Weight Loss Surgery for You

Your surgeon will want to find out that you are having the surgery for yourself and not for anyone else.  This may seem an odd concept, however it is not uncommon for some candidates for weight loss surgery to have felt pressurised into it by a spouse.  You are the one who will have to take the risks of surgery, live with the possible side effects and commit to aftercare so it is vital that you are having the surgery for you and you alone.

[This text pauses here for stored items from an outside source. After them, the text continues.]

(* Let $f=\frac1n\sum_{i=1}^n f_i$ where each $f_i:\mathbb{R}^d\to\mathbb{R}$ is $L$-smooth, and assume moreover that either each $f_i$ is $\mu$-strongly convex for some $\mu>0$, or $\inf_x f(x)>-\infty$. Let the stepsize satisfy $\gamma\le\frac1{Ln}$. Then the iterates of No Full Grad SVRG (described in the context) satisfy, for every epoch $s$, $$f(\omega_{s+1})\le f(\omega_s)-\frac{\gamma n}{2}\|\nabla f(\omega_s)\|^2+\frac{\gamma n}{2}\Big\|\nabla f(\omega_s)-\frac1n\sum_{t=0}^{n-1}v_s^t\Big\|^2.$$
   Context: No Full Grad SVRG: input $x_0^0\in\mathbb{R}^d$, $\omega_0=x_0^0$, $\tilde v_0^0=0$, $v_0=0$, stepsize $\gamma>0$. For epochs $s=0,1,\dots$: choose a permutation $\pi_s^0,\dots,\pi_s^{n-1}$ of the $n$ component indices (by any shuffling rule); for $t=0,\dots,n-1$ set $\tilde v_s^{t+1}=\frac{t}{t+1}\tilde v_s^t+\frac1{t+1}\nabla f_{\pi_s^t}(x_s^t)$, $v_s^t=\nabla f_{\pi_s^t}(x_s^t)-\nabla f_{\pi_s^t}(\omega_s)+v_s$, $x_s^{t+1}=x_s^t-\gamma v_s^t$; then $x_{s+1}^0=x_s^n$, $\omega_{s+1}=x_s^n$, $\tilde v_{s+1}^0=0$, $v_{s+1}=\tilde v_s^n$. *)

theory Defs
  imports "HOL-Analysis.Analysis" "HOL-Combinatorics.Permutations"
begin

definition grad :: "('a::euclidean_space \<Rightarrow> real) \<Rightarrow> 'a \<Rightarrow> 'a" where
  "grad f x = (THE g. (f has_derivative (\<lambda>h. g \<bullet> h)) (at x))"

definition L_smooth :: "real \<Rightarrow> ('a::euclidean_space \<Rightarrow> real) \<Rightarrow> bool" where
  "L_smooth L f \<longleftrightarrow> (\<forall>x. f differentiable (at x)) \<and>
     (\<forall>x y. norm (grad f x - grad f y) \<le> L * norm (x - y))"

definition strongly_convex :: "real \<Rightarrow> ('a::euclidean_space \<Rightarrow> real) \<Rightarrow> bool" where
  "strongly_convex \<mu> f \<longleftrightarrow> convex_on UNIV (\<lambda>x. f x - \<mu> / 2 * (norm x)\<^sup>2)"

text \<open>Inner loop of epoch s of No Full Grad SVRG (components indexed 0..n-1).
  Given the reference point omega = omega_s (= x_s^0), the estimate v = v_s and
  the permutation p = pi_s, nfg_inner ... t = (x_s^t, tilde v_s^t).\<close>
fun nfg_inner :: "(nat \<Rightarrow> 'a::euclidean_space \<Rightarrow> real) \<Rightarrow> real \<Rightarrow> (nat \<Rightarrow> nat)
                  \<Rightarrow> 'a \<Rightarrow> 'a \<Rightarrow> nat \<Rightarrow> 'a \<times> 'a" where
  "nfg_inner f \<gamma> p \<omega> v 0 = (\<omega>, 0)"
| "nfg_inner f \<gamma> p \<omega> v (Suc t) =
     (let (x, vt) = nfg_inner f \<gamma> p \<omega> v t;
          g = grad (f (p t)) x
      in (x - \<gamma> *\<^sub>R (g - grad (f (p t)) \<omega> + v),
          (real t / real (t + 1)) *\<^sub>R vt + (1 / real (t + 1)) *\<^sub>R g))"

text \<open>Epoch-level state (omega_s, v_s); note x_s^0 = omega_s for all s.\<close>
fun nfg_epoch :: "(nat \<Rightarrow> 'a::euclidean_space \<Rightarrow> real) \<Rightarrow> nat \<Rightarrow> real
                  \<Rightarrow> (nat \<Rightarrow> nat \<Rightarrow> nat) \<Rightarrow> 'a \<Rightarrow> nat \<Rightarrow> 'a \<times> 'a" where
  "nfg_epoch f n \<gamma> \<pi> x0 0 = (x0, 0)"
| "nfg_epoch f n \<gamma> \<pi> x0 (Suc s) =
     (let (\<omega>, v) = nfg_epoch f n \<gamma> \<pi> x0 s in nfg_inner f \<gamma> (\<pi> s) \<omega> v n)"

definition nfg_omega where "nfg_omega f n \<gamma> \<pi> x0 s = fst (nfg_epoch f n \<gamma> \<pi> x0 s)"
definition nfg_v where "nfg_v f n \<gamma> \<pi> x0 s = snd (nfg_epoch f n \<gamma> \<pi> x0 s)"

definition nfg_x where
  "nfg_x f n \<gamma> \<pi> x0 s t =
     fst (nfg_inner f \<gamma> (\<pi> s) (nfg_omega f n \<gamma> \<pi> x0 s) (nfg_v f n \<gamma> \<pi> x0 s) t)"

definition nfg_dir where
  "nfg_dir f n \<gamma> \<pi> x0 s t =
     grad (f (\<pi> s t)) (nfg_x f n \<gamma> \<pi> x0 s t) - grad (f (\<pi> s t)) (nfg_omega f n \<gamma> \<pi> x0 s)
     + nfg_v f n \<gamma> \<pi> x0 s"

end

theory Submission
  imports Defs
begin

text \<open>Summing the inner updates shows that one epoch is a single step
  \<open>\<omega>\<^sub>s\<^sub>+\<^sub>1 = \<omega>\<^sub>s - \<eta> g\<close> of length \<open>\<eta> = \<gamma> n\<close> along the averaged direction
  \<open>g = (1/n) \<Sum>\<^sub>t v\<^sub>s\<^sup>t\<close>. The average \<open>f\<close> inherits \<open>L\<close>-smoothness from the \<open>f\<^sub>i\<close>, so the
  descent lemma gives \<open>f(\<omega> - \<eta> g) \<le> f(\<omega>) - \<eta> \<langle>\<nabla>f(\<omega>), g\<rangle> + L \<eta>\<^sup>2/2 \<parallel>g\<parallel>\<^sup>2\<close>. Since \<open>L \<eta> \<le> 1\<close>
  the last term is at most \<open>\<eta>/2 \<parallel>g\<parallel>\<^sup>2\<close>, and \<open>-\<langle>a, g\<rangle> + \<parallel>g\<parallel>\<^sup>2/2 = -\<parallel>a\<parallel>\<^sup>2/2 + \<parallel>a - g\<parallel>\<^sup>2/2\<close>.\<close>

lemma differentiable_imp_has_derivative_inner:
  fixes f :: "'a::euclidean_space \<Rightarrow> real"
  assumes "f differentiable (at x)"
  shows "\<exists>g. (f has_derivative (\<lambda>h. g \<bullet> h)) (at x)"
proof -
  obtain D where D: "(f has_derivative D) (at x)"
    using assms differentiable_def by blast
  have "D h = h \<bullet> adjoint D 1" for h
    using adjoint_works[OF has_derivative_linear[OF D], of h 1] by simp
  then have "D = (\<lambda>h. adjoint D 1 \<bullet> h)"
    by (auto simp: inner_commute)
  then show ?thesis
    using D by metis
qed

lemma grad_eqI:
  assumes "(f has_derivative (\<lambda>h. g \<bullet> h)) (at x)"
  shows "grad f x = g"
proof -
  have "g' = g" if "(f has_derivative (\<lambda>h. g' \<bullet> h)) (at x)" for g'
  proof -
    have "(\<lambda>h. g' \<bullet> h) = (\<lambda>h. g \<bullet> h)"
      using has_derivative_unique that assms by blast
    then have "(g' - g) \<bullet> (g' - g) = 0"
      by (metis inner_diff_left inner_diff_right diff_self)
    then show ?thesis
      by simp
  qed
  then show ?thesis
    unfolding grad_def using assms by blast
qed

lemma has_derivative_grad:
  assumes "f differentiable (at x)"
  shows "(f has_derivative (\<lambda>h. grad f x \<bullet> h)) (at x)"
  using differentiable_imp_has_derivative_inner[OF assms] grad_eqI by metis

lemma has_derivative_scaled_sum_grad:
  assumes "finite I" and "\<forall>i\<in>I. f i differentiable (at x)"
  shows "((\<lambda>x. c * (\<Sum>i\<in>I. f i x)) has_derivative
           (\<lambda>h. (c *\<^sub>R (\<Sum>i\<in>I. grad (f i) x)) \<bullet> h)) (at x)"
proof -
  have "((\<lambda>x. \<Sum>i\<in>I. f i x) has_derivative (\<lambda>h. \<Sum>i\<in>I. grad (f i) x \<bullet> h)) (at x)"
    using assms by (intro has_derivative_sum) (simp add: has_derivative_grad)
  from has_derivative_mult_right[OF this, of c] show ?thesis
    by (simp add: inner_sum_left)
qed

lemma grad_average:
  assumes "finite I" and "\<forall>i\<in>I. f i differentiable (at x)"
  shows "grad (\<lambda>x. (1 / real (card I)) * (\<Sum>i\<in>I. f i x)) x
           = (1 / real (card I)) *\<^sub>R (\<Sum>i\<in>I. grad (f i) x)"
  using grad_eqI[OF has_derivative_scaled_sum_grad[OF assms]] .

lemma L_smooth_average:
  assumes "finite I" and "I \<noteq> {}" and smooth: "\<forall>i\<in>I. L_smooth L (f i)"
  shows "L_smooth L (\<lambda>x. (1 / real (card I)) * (\<Sum>i\<in>I. f i x))"
proof -
  let ?c = "1 / real (card I)"
  have diff: "\<forall>i\<in>I. f i differentiable (at x)" for x
    using smooth by (simp add: L_smooth_def)
  have "norm (grad (\<lambda>x. ?c * (\<Sum>i\<in>I. f i x)) x - grad (\<lambda>x. ?c * (\<Sum>i\<in>I. f i x)) y)
          \<le> L * norm (x - y)" for x y
  proof -
    have "norm (grad (\<lambda>x. ?c * (\<Sum>i\<in>I. f i x)) x - grad (\<lambda>x. ?c * (\<Sum>i\<in>I. f i x)) y)
            = norm (?c *\<^sub>R (\<Sum>i\<in>I. grad (f i) x - grad (f i) y))"
      by (simp only: grad_average[OF assms(1) diff] sum_subtractf scaleR_diff_right)
    also have "\<dots> = ?c * norm (\<Sum>i\<in>I. grad (f i) x - grad (f i) y)"
      by simp
    also have "\<dots> \<le> ?c * (\<Sum>i\<in>I. L * norm (x - y))"
      using smooth unfolding L_smooth_def
      by (intro mult_left_mono order_trans[OF norm_sum sum_mono]) auto
    also have "\<dots> = L * norm (x - y)"
      using assms(1,2) by simp
    finally show ?thesis .
  qed
  moreover have "(\<lambda>x. ?c * (\<Sum>i\<in>I. f i x)) differentiable (at x)" for x
    using has_derivative_scaled_sum_grad[OF assms(1) diff] differentiable_def by blast
  ultimately show ?thesis
    unfolding L_smooth_def by blast
qed

lemma L_smooth_descent:
  fixes F :: "'a::euclidean_space \<Rightarrow> real"
  assumes "L_smooth L F"
  shows "F y \<le> F x + grad F x \<bullet> (y - x) + L / 2 * (norm (y - x))\<^sup>2"
proof -
  have diff: "\<And>x. F differentiable (at x)"
    and lip: "\<And>x y. norm (grad F x - grad F y) \<le> L * norm (x - y)"
    using assms unfolding L_smooth_def by blast+
  define d where "d = y - x"
  define \<phi> where "\<phi> t = F (x + t *\<^sub>R d) - t * (grad F x \<bullet> d) - L / 2 * t\<^sup>2 * (norm d)\<^sup>2" for t
  have "\<phi> 1 \<le> \<phi> 0"
  proof (rule DERIV_nonpos_imp_nonincreasing[of 0 1 \<phi>])
    fix t :: real
    assume t: "0 \<le> t" "t \<le> 1"
    have line: "((\<lambda>t. F (x + t *\<^sub>R d)) has_derivative
                   (\<lambda>h. grad F (x + t *\<^sub>R d) \<bullet> (h *\<^sub>R d))) (at t)"
      by (rule diff_chain_at[unfolded o_def, where g = F and f = "\<lambda>t. x + t *\<^sub>R d", simplified])
         (auto intro!: derivative_eq_intros has_derivative_grad diff)
    have "(\<phi> has_derivative
            (\<lambda>h. ((grad F (x + t *\<^sub>R d) - grad F x) \<bullet> d - L * t * (norm d)\<^sup>2) * h)) (at t)"
      unfolding \<phi>_def
      by (rule derivative_eq_intros line | simp)+ (simp add: fun_eq_iff algebra_simps inner_diff_left)
    then have "DERIV \<phi> t :> (grad F (x + t *\<^sub>R d) - grad F x) \<bullet> d - L * t * (norm d)\<^sup>2"
      by (simp add: has_field_derivative_def)
    moreover have "(grad F (x + t *\<^sub>R d) - grad F x) \<bullet> d \<le> L * t * (norm d)\<^sup>2"
    proof -
      have "(grad F (x + t *\<^sub>R d) - grad F x) \<bullet> d \<le> norm (grad F (x + t *\<^sub>R d) - grad F x) * norm d"
        by (rule norm_cauchy_schwarz)
      also have "\<dots> \<le> L * norm (t *\<^sub>R d) * norm d"
        using lip[of "x + t *\<^sub>R d" x] by (simp add: mult_right_mono)
      also have "\<dots> = L * t * (norm d)\<^sup>2"
        using t by (simp add: power2_eq_square)
      finally show ?thesis .
    qed
    ultimately show "\<exists>y. DERIV \<phi> t :> y \<and> y \<le> 0"
      by auto
  qed simp
  then show ?thesis
    unfolding \<phi>_def d_def by simp
qed

lemma L_smooth_step:
  fixes F :: "'a::euclidean_space \<Rightarrow> real"
  assumes "L_smooth L F" and "0 \<le> \<eta>" and "L * \<eta> \<le> 1"
  shows "F (x - \<eta> *\<^sub>R g) \<le> F x - \<eta> / 2 * (norm (grad F x))\<^sup>2 + \<eta> / 2 * (norm (grad F x - g))\<^sup>2"
proof -
  let ?a = "grad F x"
  have "F (x - \<eta> *\<^sub>R g) \<le> F x - \<eta> * (?a \<bullet> g) + (L * \<eta>) * (\<eta> / 2 * (norm g)\<^sup>2)"
    using L_smooth_descent[OF assms(1), of "x - \<eta> *\<^sub>R g" x]
    using assms(2) by (simp add: power2_eq_square algebra_simps)
  also have "\<dots> \<le> F x - \<eta> * (?a \<bullet> g) + \<eta> / 2 * (norm g)\<^sup>2"
    using mult_right_mono[OF assms(3), of "\<eta> / 2 * (norm g)\<^sup>2"] assms(2) by simp
  also have "\<dots> = F x - \<eta> / 2 * (norm ?a)\<^sup>2 + \<eta> / 2 * (norm (?a - g))\<^sup>2"
    by (simp add: dot_norm_neg[of ?a g] field_simps)
  finally show ?thesis .
qed

lemma nfg_inner_fst:
  "fst (nfg_inner f \<gamma> p \<omega> v t)
     = \<omega> - \<gamma> *\<^sub>R (\<Sum>k<t. grad (f (p k)) (fst (nfg_inner f \<gamma> p \<omega> v k)) - grad (f (p k)) \<omega> + v)"
  by (induction t) (simp_all add: split_beta Let_def algebra_simps)

lemma nfg_omega_Suc:
  "nfg_omega f n \<gamma> \<pi> x0 (Suc s) = nfg_omega f n \<gamma> \<pi> x0 s - \<gamma> *\<^sub>R (\<Sum>t<n. nfg_dir f n \<gamma> \<pi> x0 s t)"
proof -
  have "nfg_omega f n \<gamma> \<pi> x0 (Suc s)
          = fst (nfg_inner f \<gamma> (\<pi> s) (nfg_omega f n \<gamma> \<pi> x0 s) (nfg_v f n \<gamma> \<pi> x0 s) n)"
    unfolding nfg_omega_def nfg_v_def by (simp add: split_beta)
  then show ?thesis
    by (subst (asm) nfg_inner_fst) (simp add: nfg_dir_def nfg_x_def)
qed

theorem lemma5:
  fixes f :: "nat \<Rightarrow> 'a::euclidean_space \<Rightarrow> real"
    and n :: nat and L \<gamma> :: real and \<pi> :: "nat \<Rightarrow> nat \<Rightarrow> nat" and x0 :: 'a
    and F :: "'a \<Rightarrow> real"
  assumes n_pos: "n \<ge> 1"
    and F_def: "F = (\<lambda>x. (1 / real n) * (\<Sum>i<n. f i x))"
    and smooth: "\<forall>i<n. L_smooth L (f i)"
    and strong_or_bdd: "(\<exists>\<mu>>0. \<forall>i<n. strongly_convex \<mu> (f i)) \<or> bdd_below (range F)"
    and gamma_pos: "\<gamma> > 0"
    and gamma_le: "\<gamma> \<le> 1 / (L * real n)"
    and perm: "\<forall>s. \<pi> s permutes {..<n}"
  shows "F (nfg_omega f n \<gamma> \<pi> x0 (Suc s))
           \<le> F (nfg_omega f n \<gamma> \<pi> x0 s)
              - \<gamma> * real n / 2 * (norm (grad F (nfg_omega f n \<gamma> \<pi> x0 s)))\<^sup>2
              + \<gamma> * real n / 2 * (norm (grad F (nfg_omega f n \<gamma> \<pi> x0 s)
                   - (1 / real n) *\<^sub>R (\<Sum>t<n. nfg_dir f n \<gamma> \<pi> x0 s t)))\<^sup>2"
proof -
  have F_smooth: "L_smooth L F"
    using L_smooth_average[of "{..<n}" L f] n_pos smooth unfolding F_def
    by (simp add: lessThan_empty_iff)
  have "0 < 1 / (L * real n)"
    using gamma_pos gamma_le by linarith
  then have "L > 0"
    using n_pos by (simp add: zero_less_mult_iff)
  then have step_le: "L * (\<gamma> * real n) \<le> 1"
    using gamma_le n_pos by (simp add: field_simps)
  have omega_step: "nfg_omega f n \<gamma> \<pi> x0 (Suc s)
          = nfg_omega f n \<gamma> \<pi> x0 s - (\<gamma> * real n) *\<^sub>R ((1 / real n) *\<^sub>R (\<Sum>t<n. nfg_dir f n \<gamma> \<pi> x0 s t))"
    using n_pos by (simp add: nfg_omega_Suc)
  show ?thesis
    unfolding omega_step using gamma_pos by (intro L_smooth_step[OF F_smooth _ step_le]) simp
qed

end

If you have established that you are a suitable candidate for weight loss surgery you will probably be considering how your life might look post surgery.  Typical questions patients have are about exercise, diet and emotional issues.  Often GP’s and surgeons talk of ‘lifestyle changes’ what are these lifestyle changes?  You will need to be aware of the changes you will need to make in your diet, the supplements you will need to take, the amount of exercise you will need to do and be aware some of the emotional challenges you may face.  Of course it is also a good idea to be aware of the positive changes you will experience post surgery and to keep those in mind, however keeping a balanced view is best.  Knowing that although in the long term your life will be changed for the better in many ways, there will be challenges to face and changes and new habits to be learnt.  You can find information in all sorts of places, some information will be helpful and informative, other information will be unhelpful or in some cases inaccurate.  When researching weight loss surgery and if it is right for you, use a variety of sources.  Of course your surgeon and health professionals are the best source of information but there are also support-groups and journals and magazines.  Sometimes speaking to others who have had weight loss surgery is helpful but their advice can be based on their own experiences, which could be different for you.  Although it is a good idea to speak to others who have had surgery, do not be too influenced by their views and always check other sources if you are unsure about anything they have told you.  In particular be wary of information you receive from the media.  Often news stories about weight loss surgery are sensational and extremes, which make the surgery sound either life threatening or a miracle cure.  Chat rooms are a great source of meeting like-minded people who are sharing similar experiences, they can however be bad places for accurate facts.